:: Records for the task
(* Let $\mathbf{A}\in\mathbb{R}^{M\times N}$, $\mathbf{Y}\in\mathbb{R}^{M\times L}$, and let $(\mathbf{g}(t),\mathbf{V}(t))$, $t\ge0$, evolve under the continuous gradient flow of $\mathcal{L}(\mathbf{g},\mathbf{V})=\Vert\mathbf{Y}-\mathbf{A}((\mathbf{g}^{\odot 2}\mathbf{1}_L)\odot\mathbf{V})\Vert_F^2$ with initialization $\mathbf{g}(0)$ having all entries equal to $\alpha_g$ and $\mathbf{V}(0)=\alpha_V\mathbf{1}_{N\times L}$, where $\alpha_g,\alpha_V$ are small positive scalars. Let $\mathbf{X}(t)=(\mathbf{g}(t)^{\odot 2}\mathbf{1}_L)\odot\mathbf{V}(t)$, $\boldsymbol{\Lambda}(t)=\mathbf{A}^\top(\mathbf{Y}-\mathbf{A}\mathbf{X}(t))$, $\boldsymbol{\lambda}_i(t)$ the $i$-th row of $\boldsymbol{\Lambda}(t)$, and $\hat{\mathbf{x}}_i(t)=\mathbf{X}_{i:}(t)/\Vert\mathbf{X}_{i:}(t)\Vert_2$ if $\Vert\mathbf{X}_{i:}(t)\Vert_2\ne0$ and $\hat{\mathbf{x}}_i(t)=\mathbf{0}$ otherwise. Let $\epsilon=\left|\frac12\Vert\mathbf{g}(t)\Vert_2^2-\Vert\mathbf{V}(t)\Vert_F^2\right|$ (which is independent of $t$). Then for any $t\ge0$ and all $i\in[N]$ with $g_i^2(t)>0$ and $\sum_{m\in[L]}V_{im}^2(t)>0$: if $\langle\boldsymbol{\lambda}_i(t),\hat{\mathbf{x}}_i(t)\rangle\ge0$, then $$\frac{d}{dt}\Vert\mathbf{X}_{i:}(t)\Vert_2\le 24\langle\boldsymbol{\lambda}_i(t),\hat{\mathbf{x}}_i(t)\rangle\left(\epsilon+\Vert\mathbf{X}_{i:}(t)\Vert_2^{2/3}\right)^2,\qquad \frac{d}{dt}\Vert\mathbf{X}_{i:}(t)\Vert_2\ge 6\langle\boldsymbol{\lambda}_i(t),\hat{\mathbf{x}}_i(t)\rangle\frac{\Vert\mathbf{X}_{i:}(t)\Vert_2^2}{\epsilon+\Vert\mathbf{X}_{i:}(t)\Vert_2^{2/3}};$$ if $\langle\boldsymbol{\lambda}_i(t),\hat{\mathbf{x}}_i(t)\rangle<0$, then $$\frac{d}{dt}\Vert\mathbf{X}_{i:}(t)\Vert_2\ge 24\langle\boldsymbol{\lambda}_i(t),\hat{\mathbf{x}}_i(t)\rangle\left(\epsilon+\Vert\mathbf{X}_{i:}(t)\Vert_2^{2/3}\right)^2,\qquad \frac{d}{dt}\Vert\mathbf{X}_{i:}(t)\Vert_2\le 6\langle\boldsymbol{\lambda}_i(t),\hat{\mathbf{x}}_i(t)\rangle\frac{\Vert\mathbf{X}_{i:}(t)\Vert_2^2}{\epsilon+\Vert\mathbf{X}_{i:}(t)\Vert_2^{2/3}}.$$
   Context: $\odot$ is the entrywise product, $\mathbf{1}_L$ the $1\times L$ all-ones row vector, $\mathbf{1}_{N\times L}$ the all-ones matrix, so $X_{ij}=g_i^2V_{ij}$; $\mathbf{X}_{i:}$ denotes the $i$-th row. Gradient flow: $\frac{d}{dt}g_l=-\partial\mathcal{L}/\partial g_l$ and $\frac{d}{dt}V_{lm}=-\partial\mathcal{L}/\partial V_{lm}$ evaluated along the curve. *)

theory Defs
  imports "HOL-Analysis.Analysis"
begin

text \<open>Matrices are indexed by finite types: A :: real^'n^'m is M x N,
  Y :: real^'l^'m is M x L, g :: real^'n, V :: real^'l^'n.\<close>

definition frob_sq :: "real^'c^'r \<Rightarrow> real" where
  "frob_sq B = (\<Sum>i\<in>UNIV. \<Sum>j\<in>UNIV. (B $ i $ j)^2)"

definition Xmat :: "real^'n \<Rightarrow> real^'l^'n \<Rightarrow> real^'l^'n" where
  "Xmat g V = (\<chi> i j. (g $ i)^2 * V $ i $ j)"

definition loss :: "real^'n^'m \<Rightarrow> real^'l^'m \<Rightarrow> real^'n \<Rightarrow> real^'l^'n \<Rightarrow> real" where
  "loss A Y g V = frob_sq (Y - A ** Xmat g V)"

definition Lam :: "real^'n^'m \<Rightarrow> real^'l^'m \<Rightarrow> real^'n \<Rightarrow> real^'l^'n \<Rightarrow> real^'l^'n" where
  "Lam A Y g V = transpose A ** (Y - A ** Xmat g V)"
lemma nilradical_mult_of_orthogonal_sum:
  assumes a: "a \<in> carrier R" and c: "c \<in> carrier R" and y: "y \<in> carrier R"
    and ac: "a \<otimes> c \<in> nilradical R" and acy: "(a \<oplus> c) \<otimes> y \<in> nilradical R"
  shows "a \<otimes> y \<in> nilradical R"
proof -
  interpret N: ideal "nilradical R" R by (rule nilradical_ideal)
  have "(a \<otimes> y) \<otimes> (a \<otimes> y) = (a \<otimes> ((a \<oplus> c) \<otimes> y) \<ominus> (a \<otimes> c) \<otimes> y) \<otimes> y"
    using a c y by algebra
  also have "\<dots> \<in> nilradical R"
    unfolding minus_eq
    by (intro N.I_r_closed[OF _ y] N.a_closed N.a_inv_closed
        N.I_l_closed[OF acy a] N.I_r_closed[OF ac y])
  finally show ?thesis
    by (rule nilradical_square_imp_mem[OF m_closed[OF a y]])
qed

lemma almost_complemented_iff:
  "almost_complemented R \<longleftrightarrow> (\<forall>a\<in>carrier R. \<exists>b\<in>carrier R. a \<otimes> b \<in> nilradical R \<and>
    (\<forall>y\<in>carrier R. (a \<oplus> b) \<otimes> y \<in> nilradical R \<longrightarrow> y \<in> nilradical R))"
  unfolding almost_complemented_def by (rule ideal.complemented_FactRing_iff[OF nilradical_ideal])

lemma reg_mult_nilradical_cancel:
  assumes s: "s \<in> reg R" and x: "x \<in> carrier R" and sx: "s \<otimes> x \<in> nilradical R"
  shows "x \<in> nilradical R"
proof -
  obtain n :: nat where "(s \<otimes> x) [^] n = \<zero>"
    using sx by (auto simp: nilradical_def)
  then have "s [^] n \<otimes> x [^] n = \<zero>"
    using s x by (simp add: nat_pow_distrib reg_closed)
  then have "x [^] n = \<zero>"
    using s x by (meson reg_mult_eq_zeroD reg_pow nat_pow_closed)
  then show ?thesis
    using x by (auto simp: nilradical_def)
qed

lemma equiv_qrel: "equiv (carrier R \<times> reg R) (qrel R)"
proof (rule equivI)
  show "refl_on (carrier R \<times> reg R) (qrel R)"
    by (auto simp: refl_on_def qrel_def)
  show "sym (qrel R)"
    by (auto simp: sym_def qrel_def)
  show "trans (qrel R)"
  proof (rule transI, clarify)
    fix a s b t c u
    assume "((a, s), (b, t)) \<in> qrel R" and "((b, t), (c, u)) \<in> qrel R"
    then have h: "a \<in> carrier R" "s \<in> reg R" "b \<in> carrier R" "t \<in> reg R" "c \<in> carrier R"
      "u \<in> reg R" "a \<otimes> t = b \<otimes> s" "b \<otimes> u = c \<otimes> t"
      by (auto simp: qrel_def)
    note carr = h(1,3,5) reg_closed[OF h(2)] reg_closed[OF h(4)] reg_closed[OF h(6)]
    have "t \<otimes> (a \<otimes> u) = (a \<otimes> t) \<otimes> u"
      using carr by algebra
    also have "\<dots> = s \<otimes> (b \<otimes> u)"
      using carr by (simp add: h(7)) algebra
    also have "\<dots> = t \<otimes> (c \<otimes> s)"
      using carr by (simp add: h(8)) algebra
    finally have "a \<otimes> u = c \<otimes> s"
      by (rule reg_mult_cancel[OF h(4), rotated 2]) (use carr in simp_all)
    then show "((a, s), (c, u)) \<in> qrel R"
      using h by (simp add: qrel_def)
  qed
qed (auto simp: qrel_def)
definition nat_trans :: "(real set \<Rightarrow> 'a set) \<Rightarrow> (real set \<Rightarrow> real set \<Rightarrow> 'a \<Rightarrow> 'a)
    \<Rightarrow> (real set \<Rightarrow> 'b set) \<Rightarrow> (real set \<Rightarrow> real set \<Rightarrow> 'b \<Rightarrow> 'b) \<Rightarrow> (real set \<Rightarrow> 'a \<Rightarrow> 'b) \<Rightarrow> bool" where
  "nat_trans F Fm G Gm \<psi> \<longleftrightarrow>
     (\<forall>I. is_oint I \<longrightarrow> (\<forall>x\<in>F I. \<psi> I x \<in> G I)) \<and>
     (\<forall>I J. is_oint I \<and> is_oint J \<and> I \<subseteq> J \<longrightarrow> (\<forall>x\<in>F I. \<psi> J (Fm I J x) = Gm I J (\<psi> I x)))"

definition nat_iso :: "(real set \<Rightarrow> 'a set) \<Rightarrow> (real set \<Rightarrow> real set \<Rightarrow> 'a \<Rightarrow> 'a)
    \<Rightarrow> (real set \<Rightarrow> 'b set) \<Rightarrow> (real set \<Rightarrow> real set \<Rightarrow> 'b \<Rightarrow> 'b) \<Rightarrow> (real set \<Rightarrow> 'a \<Rightarrow> 'b) \<Rightarrow> bool" where
  "nat_iso F Fm G Gm \<psi> \<longleftrightarrow> nat_trans F Fm G Gm \<psi> \<and>
     (\<exists>\<phi>. nat_trans G Gm F Fm \<phi> \<and>
        (\<forall>I. is_oint I \<longrightarrow> (\<forall>x\<in>F I. \<phi> I (\<psi> I x) = x) \<and> (\<forall>y\<in>G I. \<psi> I (\<phi> I y) = y)))"

text \<open>Endpoint a_k of the extended list a_{-1} = -\<infinity>, a_0, ..., a_n, a_{n+1} = +\<infinity>.\<close>
definition bnd :: "(nat \<Rightarrow> real) \<Rightarrow> nat \<Rightarrow> int \<Rightarrow> ereal" where
  "bnd a n k = (if k < 0 then -\<infinity> else if k > int n then \<infinity> else ereal (a (nat k)))"

end

theory Submission
  imports Defs
begin

text \<open>
  A natural transformation whose components are all bijections is a natural isomorphism, since
  the componentwise inverse is automatically natural. By constructibility, bijectivity of a
  component descends from J to every open interval I \<subseteq> J containing the same critical points.
  An interval containing the critical points a_p, ..., a_q (and no others) lies in the hull
  (a_{p-1}, a_{q+1}); one containing none lies in a gap (a_i, a_{i+1}), or else both cosheaves
  vanish on it. The gaps are among the hypotheses, and the hulls follow by induction on q: the hull
  (a_{p-1}, a_{q+2}) is the union of (a_{p-1}, a_{q+1}) and the star (a_q, a_{q+2}), which
  intersect in the gap (a_q, a_{q+1}), and the cosheaf condition glues bijections along such a cover.
\<close>

abbreviation component_bij ::
    "(real set \<Rightarrow> 'a set) \<Rightarrow> (real set \<Rightarrow> 'b set) \<Rightarrow> (real set \<Rightarrow> 'a \<Rightarrow> 'b) \<Rightarrow> real set \<Rightarrow> bool" where
  "component_bij F G \<psi> I \<equiv> bij_betw (\<psi> I) (F I) (G I)"

subsection \<open>Open intervals\<close>

lemma is_oint_oint [simp]: "is_oint (oint l u)"
  unfolding is_oint_def by blast

lemma oint_Int: "oint l u \<inter> oint l' u' = oint (max l l') (min u u')"
  unfolding oint_def by auto

lemma is_oint_Int: "is_oint I \<Longrightarrow> is_oint J \<Longrightarrow> is_oint (I \<inter> J)"
  unfolding is_oint_def using oint_Int by blast

lemma oint_Un:
  assumes "l \<le> l'" "l' < u" "u \<le> u'"
  shows "oint l u \<union> oint l' u' = oint l u'"
proof -
  have "x \<in> oint l u \<or> x \<in> oint l' u'" if "x \<in> oint l u'" for x
    using that assms(2) unfolding oint_def by (cases "ereal x < u") (auto intro: less_le_trans)
  moreover have "oint l u \<subseteq> oint l u'" "oint l' u' \<subseteq> oint l u'"
    using assms unfolding oint_def by (auto intro: less_le_trans le_less_trans)
  ultimately show ?thesis by blast
qed

lemma is_oint_convex:
  assumes "is_oint I" "x \<in> I" "z \<in> I" "x \<le> y" "y \<le> z"
  shows "y \<in> I"
proof -
  obtain l u where I: "I = oint l u" using assms(1) unfolding is_oint_def by blast
  have "l < ereal x" "ereal z < u" using assms(2,3) I unfolding oint_def by auto
  moreover have "ereal x \<le> ereal y" "ereal y \<le> ereal z" using assms(4,5) by auto
  ultimately have "l < ereal y" "ereal y < u" by (blast intro: less_le_trans le_less_trans)+
  then show ?thesis using I unfolding oint_def by simp
qed

lemma is_oint_subset_oint:
  assumes I: "is_oint I" and x: "x \<in> I" "l < ereal x" "ereal x < u"
    and gaps: "l \<notin> ereal ` I" "u \<notin> ereal ` I"
  shows "I \<subseteq> oint l u"
proof
  fix w assume w: "w \<in> I"
  have "l < ereal w"
  proof (cases l)
    case (real c)
    have "c \<notin> I" using gaps(1) real by blast
    then have "\<not> w \<le> c" using is_oint_convex[OF I w x(1), of c] x(2) real by auto
    then show ?thesis using real by simp
  qed (use x in auto)
  moreover have "ereal w < u"
  proof (cases u)
    case (real c)
    have "c \<notin> I" using gaps(2) real by blast
    then have "\<not> c \<le> w" using is_oint_convex[OF I x(1) w, of c] x(3) real by auto
    then show ?thesis using real by simp
  qed (use x in auto)
  ultimately show "w \<in> oint l u" unfolding oint_def by simp
qed

subsection \<open>The critical points\<close>

lemma strict_mono_on_atMost_Suc:
  assumes "\<forall>i<n. f i < f (Suc i)"
  shows "strict_mono_on {..n} (f :: nat \<Rightarrow> 'a :: order)"
proof (rule strict_mono_onI)
  fix i j assume "i \<in> {..n}" "j \<in> {..n}" "i < j"
  then show "f i < f j"
  proof (induction j)
    case (Suc j)
    then show ?case using assms by (cases "i = j") (auto intro: less_trans)
  qed simp
qed

lemma bnd_eq_ereal: "k \<le> n \<Longrightarrow> bnd a n (int k) = ereal (a k)"
  unfolding bnd_def by simp

lemma bnd_strict_mono:
  assumes "strict_mono_on {..n} a"
  shows "strict_mono_on {-1..int n + 1} (bnd a n)"
proof (rule strict_mono_onI)
  fix x y assume "x \<in> {-1..int n + 1}" "y \<in> {-1..int n + 1}" "x < y"
  then have "-1 \<le> x" "y \<le> int n + 1" by auto
  with \<open>x < y\<close> consider "x < 0" "0 \<le> y" | "0 \<le> x" "int n < y" | "0 \<le> x" "y \<le> int n"
    by linarith
  then show "bnd a n x < bnd a n y"
  proof cases
    case 3
    then have "a (nat x) < a (nat y)" using assms \<open>x < y\<close> by (simp add: strict_mono_onD)
    then show ?thesis using 3 \<open>x < y\<close> unfolding bnd_def by simp
  qed (use \<open>x < y\<close> \<open>y \<le> int n + 1\<close> in \<open>auto simp: bnd_def\<close>)
qed

lemma critical_in_oint_bnd_iff:
  assumes "strict_mono_on {..n} a" "k \<le> n" "x \<in> {-1..int n + 1}" "y \<in> {-1..int n + 1}"
  shows "a k \<in> oint (bnd a n x) (bnd a n y) \<longleftrightarrow> x < int k \<and> int k < y"
proof -
  have "int k \<in> {-1..int n + 1}" using assms(2) by simp
  then show ?thesis
    using strict_mono_on_less[OF bnd_strict_mono[OF assms(1)]] assms(3,4)
    by (simp add: oint_def bnd_eq_ereal[OF assms(2), symmetric])
qed

lemma bnd_notin_ereal_image:
  assumes "0 \<le> k \<Longrightarrow> k \<le> int n \<Longrightarrow> a (nat k) \<notin> I"
  shows "bnd a n k \<notin> ereal ` I"
  using assms unfolding bnd_def by auto

lemma oint_critical_hull:
  fixes a :: "nat \<Rightarrow> real"
  assumes mono: "strict_mono_on {..n} a" and I: "is_oint I" and "k \<le> n" "a k \<in> I"
  obtains p q where "p \<le> q" "q \<le> n"
    "I \<subseteq> oint (bnd a n (int p - 1)) (bnd a n (int q + 1))"
    "I \<inter> a ` {..n} = oint (bnd a n (int p - 1)) (bnd a n (int q + 1)) \<inter> a ` {..n}"
proof -
  define K where "K = {j. j \<le> n \<and> a j \<in> I}"
  define p where "p = Min K"
  define q where "q = Max K"
  define J where "J = oint (bnd a n (int p - 1)) (bnd a n (int q + 1))"
  have "finite K" "K \<noteq> {}" using assms(3,4) unfolding K_def by auto
  then have K: "p \<in> K" "q \<in> K" "\<And>j. j \<in> K \<Longrightarrow> p \<le> j \<and> j \<le> q"
    unfolding p_def q_def by auto
  then have pq: "p \<le> q" "q \<le> n" unfolding K_def by auto
  have in_I: "a j \<in> I \<longleftrightarrow> p \<le> j \<and> j \<le> q" if "j \<le> n" for j
  proof
    assume "p \<le> j \<and> j \<le> q"
    then have "a p \<le> a j" "a j \<le> a q"
      using that pq strict_mono_on_leD[OF mono] by auto
    then show "a j \<in> I" using is_oint_convex[OF I] K(1,2) unfolding K_def by blast
  qed (use that K(3) in \<open>auto simp: K_def\<close>)
  have in_J: "a j \<in> J \<longleftrightarrow> p \<le> j \<and> j \<le> q" if "j \<le> n" for j
    unfolding J_def using critical_in_oint_bnd_iff[OF mono that] pq by auto
  have "I \<subseteq> J"
    unfolding J_def
  proof (rule is_oint_subset_oint[OF I])
    show "a p \<in> I" using K(1) unfolding K_def by simp
    show "bnd a n (int p - 1) < ereal (a p)" "ereal (a p) < bnd a n (int q + 1)"
      using critical_in_oint_bnd_iff[OF mono, of p "int p - 1" "int q + 1"] pq
      by (simp_all add: oint_def)
    show "bnd a n (int p - 1) \<notin> ereal ` I" "bnd a n (int q + 1) \<notin> ereal ` I"
      using in_I by (auto intro!: bnd_notin_ereal_image)
  qed
  moreover have "I \<inter> a ` {..n} = J \<inter> a ` {..n}" using in_I in_J by auto
  ultimately show ?thesis using that pq unfolding J_def by blast
qed

lemma oint_critical_gap:
  fixes a :: "nat \<Rightarrow> real"
  assumes mono: "strict_mono_on {..n} a" and I: "is_oint I" and no_crit: "I \<inter> a ` {..n} = {}"
    and x: "x \<in> I" "a 0 < x" and y: "y \<in> I" "y < a n"
  obtains i where "i < n" "I \<subseteq> oint (bnd a n (int i)) (bnd a n (int i + 1))"
proof -
  define i where "i = Max {k. k \<le> n \<and> a k < x}"
  have fin: "finite {k. k \<le> n \<and> a k < x}" by simp
  moreover have "0 \<in> {k. k \<le> n \<and> a k < x}" using x(2) by simp
  ultimately have "i \<in> {k. k \<le> n \<and> a k < x}" unfolding i_def using Max_in by blast
  then have i: "i \<le> n" "a i < x" "\<And>k. k \<le> n \<Longrightarrow> a k < x \<Longrightarrow> k \<le> i"
    unfolding i_def using Max_ge[OF fin] by auto
  have "i \<noteq> n"
  proof
    assume "i = n"
    then have "a n \<in> I" using is_oint_convex[OF I y(1) x(1)] y(2) i(2) by simp
    then show False using no_crit by blast
  qed
  then have "i < n" using i(1) by simp
  moreover have "x < a (Suc i)"
  proof -
    have "x \<le> a (Suc i)" using i(3)[of "Suc i"] \<open>i < n\<close> by fastforce
    moreover have "a (Suc i) \<noteq> x" using no_crit x(1) \<open>i < n\<close> by auto
    ultimately show ?thesis by simp
  qed
  moreover have "I \<subseteq> oint (bnd a n (int i)) (bnd a n (int i + 1))"
  proof (rule is_oint_subset_oint[OF I x(1)])
    show "bnd a n (int i) < ereal x" "ereal x < bnd a n (int i + 1)"
      using i(1,2) \<open>x < a (Suc i)\<close> \<open>i < n\<close> bnd_eq_ereal[of "Suc i" n a]
      by (simp_all add: bnd_eq_ereal add.commute)
    show "bnd a n (int i) \<notin> ereal ` I" "bnd a n (int i + 1) \<notin> ereal ` I"
      using no_crit by (auto intro!: bnd_notin_ereal_image)
  qed
  ultimately show ?thesis using that by blast
qed
lemma struct_linking_of_assoc_linking:
  assumes wf: "mcn_wf M" and F: "F \<subseteq> Inl ` VR M \<union> Inr ` VO M"
    and g: "\<forall>x\<in>F. g x \<in> Gamma M x"
    and Q: "linking_family (assoc_V M) (assoc_E M) F g ((\<lambda>j. CO j (vyc M)) ` {1..n_out M}) Q"
  shows "\<exists>P. linking_family (struct_V M F) (struct_E M F) F fvert (SY ` {1..n_out M}) P"
proof -
  have "\<forall>x\<in>F. \<exists>i pl j. fault_route M x i pl j \<and> assoc_markers M x i pl j \<subseteq> set (Q x)"
    using Q g assoc_path_fault_route unfolding linking_family_def by fastforce
  then obtain I PL J where route: "\<And>x. x \<in> F \<Longrightarrow> fault_route M x (I x) (PL x) (J x)"
    and markers: "\<And>x. x \<in> F \<Longrightarrow> assoc_markers M x (I x) (PL x) (J x) \<subseteq> set (Q x)"
    by metis
  have "\<forall>x\<in>F. \<exists>p. is_simple_path (struct_V M F) (struct_E M F) p \<and> hd p = fvert x \<and>
      last p = SY (J x) \<and> set p \<subseteq> struct_region x (I x) (PL x) (J x)"
    using struct_path_of_fault_route[OF wf F _ route] by blast
  then obtain P where P: "\<And>x. x \<in> F \<Longrightarrow> is_simple_path (struct_V M F) (struct_E M F) (P x) \<and>
      hd (P x) = fvert x \<and> last (P x) = SY (J x) \<and> set (P x) \<subseteq> struct_region x (I x) (PL x) (J x)"
    by metis
  have "set (P x) \<inter> set (P y) = {}" if "x \<in> F" "y \<in> F" "x \<noteq> y" for x y
  proof -
    have "set (Q x) \<inter> set (Q y) = {}"
      using Q that unfolding linking_family_def by blast
    then have "routes_apart x (I x) (PL x) (J x) y (I y) (PL y) (J y)"
      using markers that by (blast intro: routes_apart_if_assoc_markers_disjoint)
    then show ?thesis
      using struct_regions_disjoint P that by blast
  qed
  moreover have "last (P x) \<in> SY ` {1..n_out M}" if "x \<in> F" for x
    using P[OF that] fault_route_output[OF route[OF that]] by simp
  ultimately show ?thesis
    using P unfolding linking_family_def by blast
qed

theorem theorem2:
  fixes M :: "('a, 'b) mcn" and F :: "('a + 'b) set"
  assumes "mcn_wf M"
    and "F \<subseteq> Inl ` VR M \<union> Inr ` VO M"
  shows "has_linking (struct_V M F) (struct_E M F) (card F) (fvert ` F) (SY ` {1..n_out M})
     \<longleftrightarrow> (\<exists>g. (\<forall>v\<in>F. g v \<in> Gamma M v) \<and>
            has_linking (assoc_V M) (assoc_E M) (card F) (g ` F) ((\<lambda>i. CO i (vyc M)) ` {1..n_out M}))"
proof -
  have "finite (Inl ` VR M \<union> Inr ` VO M)"
    using assms(1) by (simp add: mcn_wf_def)
  then have "finite F"
    using assms(2) by (rule finite_subset[rotated])
  have "inj fvert"
    by (rule injI) (auto elim: fvert.elims)
  have struct_iff: "has_linking (struct_V M F) (struct_E M F) (card F) (fvert ` F) (SY ` {1..n_out M})
      \<longleftrightarrow> (\<exists>P. linking_family (struct_V M F) (struct_E M F) F fvert (SY ` {1..n_out M}) P)"
    using has_linking_iff_linking_family[OF \<open>finite F\<close> inj_on_subset[OF \<open>inj fvert\<close> subset_UNIV]] .
  have assoc_iff: "has_linking (assoc_V M) (assoc_E M) (card F) (g ` F) ((\<lambda>i. CO i (vyc M)) ` {1..n_out M})
      \<longleftrightarrow> (\<exists>Q. linking_family (assoc_V M) (assoc_E M) F g ((\<lambda>i. CO i (vyc M)) ` {1..n_out M}) Q)"
    if "\<forall>v\<in>F. g v \<in> Gamma M v" for g
    using has_linking_iff_linking_family[OF \<open>finite F\<close> inj_on_Gamma_choice[OF that]] .
  show ?thesis
    unfolding struct_iff
    using assoc_iff assoc_linking_of_struct_linking[OF assms(1)]
      struct_linking_of_assoc_linking[OF assms] by meson
qed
::::
> What the task asks: Read the data above. Pull out each line in which the string "exists" appears.

> Response area:
  "almost_complemented R \<longleftrightarrow> (\<forall>a\<in>carrier R. \<exists>b\<in>carrier R. a \<otimes> b \<in> nilradical R \<and>
     (\<exists>\<phi>. nat_trans G Gm F Fm \<phi> \<and>
  shows "\<exists>P. linking_family (struct_V M F) (struct_E M F) F fvert (SY ` {1..n_out M}) P"
  have "\<forall>x\<in>F. \<exists>i pl j. fault_route M x i pl j \<and> assoc_markers M x i pl j \<subseteq> set (Q x)"
  have "\<forall>x\<in>F. \<exists>p. is_simple_path (struct_V M F) (struct_E M F) p \<and> hd p = fvert x \<and>
     \<longleftrightarrow> (\<exists>g. (\<forall>v\<in>F. g v \<in> Gamma M v) \<and>
      \<longleftrightarrow> (\<exists>P. linking_family (struct_V M F) (struct_E M F) F fvert (SY ` {1..n_out M}) P)"
      \<longleftrightarrow> (\<exists>Q. linking_family (assoc_V M) (assoc_E M) F g ((\<lambda>i. CO i (vyc M)) ` {1..n_out M}) Q)"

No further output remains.